**Assignment**
Please give back, word for word, only the lines starting at the one containing "mat) \<Rightarrow> complex" and ending at the one containing "(\<forall>c. \<forall>v \<in>" within the material below.

**Material for the task**
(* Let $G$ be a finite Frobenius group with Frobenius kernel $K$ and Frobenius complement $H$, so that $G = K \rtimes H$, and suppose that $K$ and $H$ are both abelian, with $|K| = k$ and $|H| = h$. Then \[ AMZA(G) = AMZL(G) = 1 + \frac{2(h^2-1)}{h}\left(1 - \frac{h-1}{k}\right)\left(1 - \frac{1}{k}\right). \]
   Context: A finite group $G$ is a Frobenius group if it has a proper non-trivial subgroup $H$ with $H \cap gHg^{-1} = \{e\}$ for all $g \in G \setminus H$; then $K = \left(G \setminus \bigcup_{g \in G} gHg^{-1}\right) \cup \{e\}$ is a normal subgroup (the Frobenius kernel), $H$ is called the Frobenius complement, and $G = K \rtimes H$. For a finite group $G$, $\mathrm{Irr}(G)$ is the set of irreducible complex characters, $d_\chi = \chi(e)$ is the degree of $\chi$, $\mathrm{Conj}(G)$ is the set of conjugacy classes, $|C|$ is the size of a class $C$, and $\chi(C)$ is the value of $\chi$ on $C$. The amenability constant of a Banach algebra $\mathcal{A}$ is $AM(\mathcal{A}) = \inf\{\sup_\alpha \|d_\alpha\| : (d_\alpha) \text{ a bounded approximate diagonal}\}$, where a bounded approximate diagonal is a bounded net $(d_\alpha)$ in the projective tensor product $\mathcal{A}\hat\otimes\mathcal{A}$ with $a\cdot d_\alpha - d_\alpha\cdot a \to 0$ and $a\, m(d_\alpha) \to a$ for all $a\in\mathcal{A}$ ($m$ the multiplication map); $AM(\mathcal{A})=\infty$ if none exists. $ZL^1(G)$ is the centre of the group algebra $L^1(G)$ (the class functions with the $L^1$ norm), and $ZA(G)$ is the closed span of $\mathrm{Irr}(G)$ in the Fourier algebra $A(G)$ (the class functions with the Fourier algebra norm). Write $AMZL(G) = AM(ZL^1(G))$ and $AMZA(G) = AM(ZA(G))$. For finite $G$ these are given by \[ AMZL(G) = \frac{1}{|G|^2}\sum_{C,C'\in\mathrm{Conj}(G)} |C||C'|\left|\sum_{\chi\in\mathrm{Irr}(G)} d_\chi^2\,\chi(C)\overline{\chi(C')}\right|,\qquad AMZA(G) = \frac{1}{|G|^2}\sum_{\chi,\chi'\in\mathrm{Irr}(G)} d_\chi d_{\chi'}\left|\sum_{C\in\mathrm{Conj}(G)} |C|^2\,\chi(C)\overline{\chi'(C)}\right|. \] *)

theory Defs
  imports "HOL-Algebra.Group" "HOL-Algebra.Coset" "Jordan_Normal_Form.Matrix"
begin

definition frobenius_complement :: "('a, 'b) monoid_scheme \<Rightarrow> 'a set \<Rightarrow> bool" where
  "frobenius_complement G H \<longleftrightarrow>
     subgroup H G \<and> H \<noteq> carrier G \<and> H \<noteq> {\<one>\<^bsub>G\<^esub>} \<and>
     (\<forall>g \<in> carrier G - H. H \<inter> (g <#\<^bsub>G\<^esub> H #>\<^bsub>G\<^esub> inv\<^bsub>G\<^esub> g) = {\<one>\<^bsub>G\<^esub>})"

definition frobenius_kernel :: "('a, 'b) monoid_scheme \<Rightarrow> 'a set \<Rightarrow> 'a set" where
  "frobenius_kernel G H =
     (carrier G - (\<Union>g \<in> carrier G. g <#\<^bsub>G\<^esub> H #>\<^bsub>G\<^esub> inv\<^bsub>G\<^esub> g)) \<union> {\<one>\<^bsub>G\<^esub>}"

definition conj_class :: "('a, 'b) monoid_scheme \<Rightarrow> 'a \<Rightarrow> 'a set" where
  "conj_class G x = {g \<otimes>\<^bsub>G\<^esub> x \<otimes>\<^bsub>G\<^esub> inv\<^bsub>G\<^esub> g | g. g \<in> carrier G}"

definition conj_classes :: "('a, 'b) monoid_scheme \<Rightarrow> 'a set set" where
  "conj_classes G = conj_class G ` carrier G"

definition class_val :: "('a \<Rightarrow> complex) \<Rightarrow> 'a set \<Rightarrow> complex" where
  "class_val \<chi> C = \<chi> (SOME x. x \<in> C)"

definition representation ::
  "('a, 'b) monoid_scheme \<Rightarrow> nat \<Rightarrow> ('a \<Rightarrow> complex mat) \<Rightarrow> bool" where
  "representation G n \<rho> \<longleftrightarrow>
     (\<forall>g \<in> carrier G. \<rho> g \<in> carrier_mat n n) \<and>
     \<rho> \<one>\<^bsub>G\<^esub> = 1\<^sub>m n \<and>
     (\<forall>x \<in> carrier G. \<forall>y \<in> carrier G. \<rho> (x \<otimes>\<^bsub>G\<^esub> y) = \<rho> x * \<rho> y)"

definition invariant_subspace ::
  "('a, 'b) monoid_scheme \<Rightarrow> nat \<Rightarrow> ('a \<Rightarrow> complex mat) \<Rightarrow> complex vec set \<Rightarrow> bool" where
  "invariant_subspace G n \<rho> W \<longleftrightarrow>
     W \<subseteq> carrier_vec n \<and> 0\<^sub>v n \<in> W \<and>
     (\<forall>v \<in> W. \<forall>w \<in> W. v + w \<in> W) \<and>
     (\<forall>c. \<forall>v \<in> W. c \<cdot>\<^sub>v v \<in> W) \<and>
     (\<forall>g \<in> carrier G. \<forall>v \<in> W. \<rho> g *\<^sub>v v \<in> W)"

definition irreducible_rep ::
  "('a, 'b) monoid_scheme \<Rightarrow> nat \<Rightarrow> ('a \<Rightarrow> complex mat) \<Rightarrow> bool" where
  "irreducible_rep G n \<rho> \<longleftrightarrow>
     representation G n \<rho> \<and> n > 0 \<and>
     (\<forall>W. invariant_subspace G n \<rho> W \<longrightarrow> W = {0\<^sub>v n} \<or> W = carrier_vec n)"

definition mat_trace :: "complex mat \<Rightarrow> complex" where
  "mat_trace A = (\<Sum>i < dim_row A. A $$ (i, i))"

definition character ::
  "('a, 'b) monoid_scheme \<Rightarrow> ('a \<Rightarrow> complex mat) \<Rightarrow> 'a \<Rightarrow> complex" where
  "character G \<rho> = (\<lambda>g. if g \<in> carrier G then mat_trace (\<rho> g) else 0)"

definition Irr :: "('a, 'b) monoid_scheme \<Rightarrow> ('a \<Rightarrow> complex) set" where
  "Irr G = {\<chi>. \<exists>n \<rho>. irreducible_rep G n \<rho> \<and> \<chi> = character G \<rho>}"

* * *

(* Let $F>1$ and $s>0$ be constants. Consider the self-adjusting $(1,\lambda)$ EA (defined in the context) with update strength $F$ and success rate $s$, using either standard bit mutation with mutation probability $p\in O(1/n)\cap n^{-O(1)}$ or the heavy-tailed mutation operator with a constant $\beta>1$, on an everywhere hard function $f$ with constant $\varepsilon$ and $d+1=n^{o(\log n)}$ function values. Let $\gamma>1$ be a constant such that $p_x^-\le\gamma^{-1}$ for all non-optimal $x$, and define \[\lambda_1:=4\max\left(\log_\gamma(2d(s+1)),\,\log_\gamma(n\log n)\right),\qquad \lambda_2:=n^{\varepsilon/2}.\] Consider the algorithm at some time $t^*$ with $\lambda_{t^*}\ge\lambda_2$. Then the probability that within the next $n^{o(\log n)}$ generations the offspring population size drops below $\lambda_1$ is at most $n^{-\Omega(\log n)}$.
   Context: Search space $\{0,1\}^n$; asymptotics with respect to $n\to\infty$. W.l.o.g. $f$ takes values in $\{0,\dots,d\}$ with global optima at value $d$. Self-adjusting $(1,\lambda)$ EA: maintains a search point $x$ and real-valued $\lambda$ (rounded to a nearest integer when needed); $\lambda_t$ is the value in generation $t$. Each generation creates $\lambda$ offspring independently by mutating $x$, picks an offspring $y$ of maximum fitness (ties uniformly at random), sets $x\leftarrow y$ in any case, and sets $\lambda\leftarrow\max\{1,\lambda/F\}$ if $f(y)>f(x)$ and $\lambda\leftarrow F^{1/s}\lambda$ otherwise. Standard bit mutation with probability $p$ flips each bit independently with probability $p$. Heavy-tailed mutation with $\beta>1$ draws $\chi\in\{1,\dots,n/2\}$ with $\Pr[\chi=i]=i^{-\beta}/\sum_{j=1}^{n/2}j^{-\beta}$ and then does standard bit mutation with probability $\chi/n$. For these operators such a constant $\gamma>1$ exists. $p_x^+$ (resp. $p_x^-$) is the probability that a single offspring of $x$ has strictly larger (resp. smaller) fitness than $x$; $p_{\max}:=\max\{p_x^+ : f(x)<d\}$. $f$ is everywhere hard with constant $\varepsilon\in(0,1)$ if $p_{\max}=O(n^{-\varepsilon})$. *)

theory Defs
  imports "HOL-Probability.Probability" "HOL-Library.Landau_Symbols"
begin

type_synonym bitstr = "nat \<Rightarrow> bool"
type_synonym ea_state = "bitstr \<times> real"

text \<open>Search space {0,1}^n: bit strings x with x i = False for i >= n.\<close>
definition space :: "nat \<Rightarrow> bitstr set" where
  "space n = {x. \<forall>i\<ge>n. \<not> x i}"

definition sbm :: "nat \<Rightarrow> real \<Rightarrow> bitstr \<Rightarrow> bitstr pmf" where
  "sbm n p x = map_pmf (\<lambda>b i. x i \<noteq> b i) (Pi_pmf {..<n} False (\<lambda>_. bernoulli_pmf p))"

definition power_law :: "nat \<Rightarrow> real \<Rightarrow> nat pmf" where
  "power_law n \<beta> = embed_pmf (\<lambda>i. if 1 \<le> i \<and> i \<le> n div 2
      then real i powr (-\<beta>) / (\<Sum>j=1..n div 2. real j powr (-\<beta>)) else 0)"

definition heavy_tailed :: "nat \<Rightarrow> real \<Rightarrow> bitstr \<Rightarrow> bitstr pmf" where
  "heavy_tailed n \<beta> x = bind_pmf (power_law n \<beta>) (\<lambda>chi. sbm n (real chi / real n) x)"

**Exercise solution**
  "('a, 'b) monoid_scheme \<Rightarrow> nat \<Rightarrow> ('a \<Rightarrow> complex mat) \<Rightarrow> complex vec set \<Rightarrow> bool" where
  "invariant_subspace G n \<rho> W \<longleftrightarrow>
     W \<subseteq> carrier_vec n \<and> 0\<^sub>v n \<in> W \<and>
     (\<forall>v \<in> W. \<forall>w \<in> W. v + w \<in> W) \<and>
     (\<forall>c. \<forall>v \<in> W. c \<cdot>\<^sub>v v \<in> W) \<and>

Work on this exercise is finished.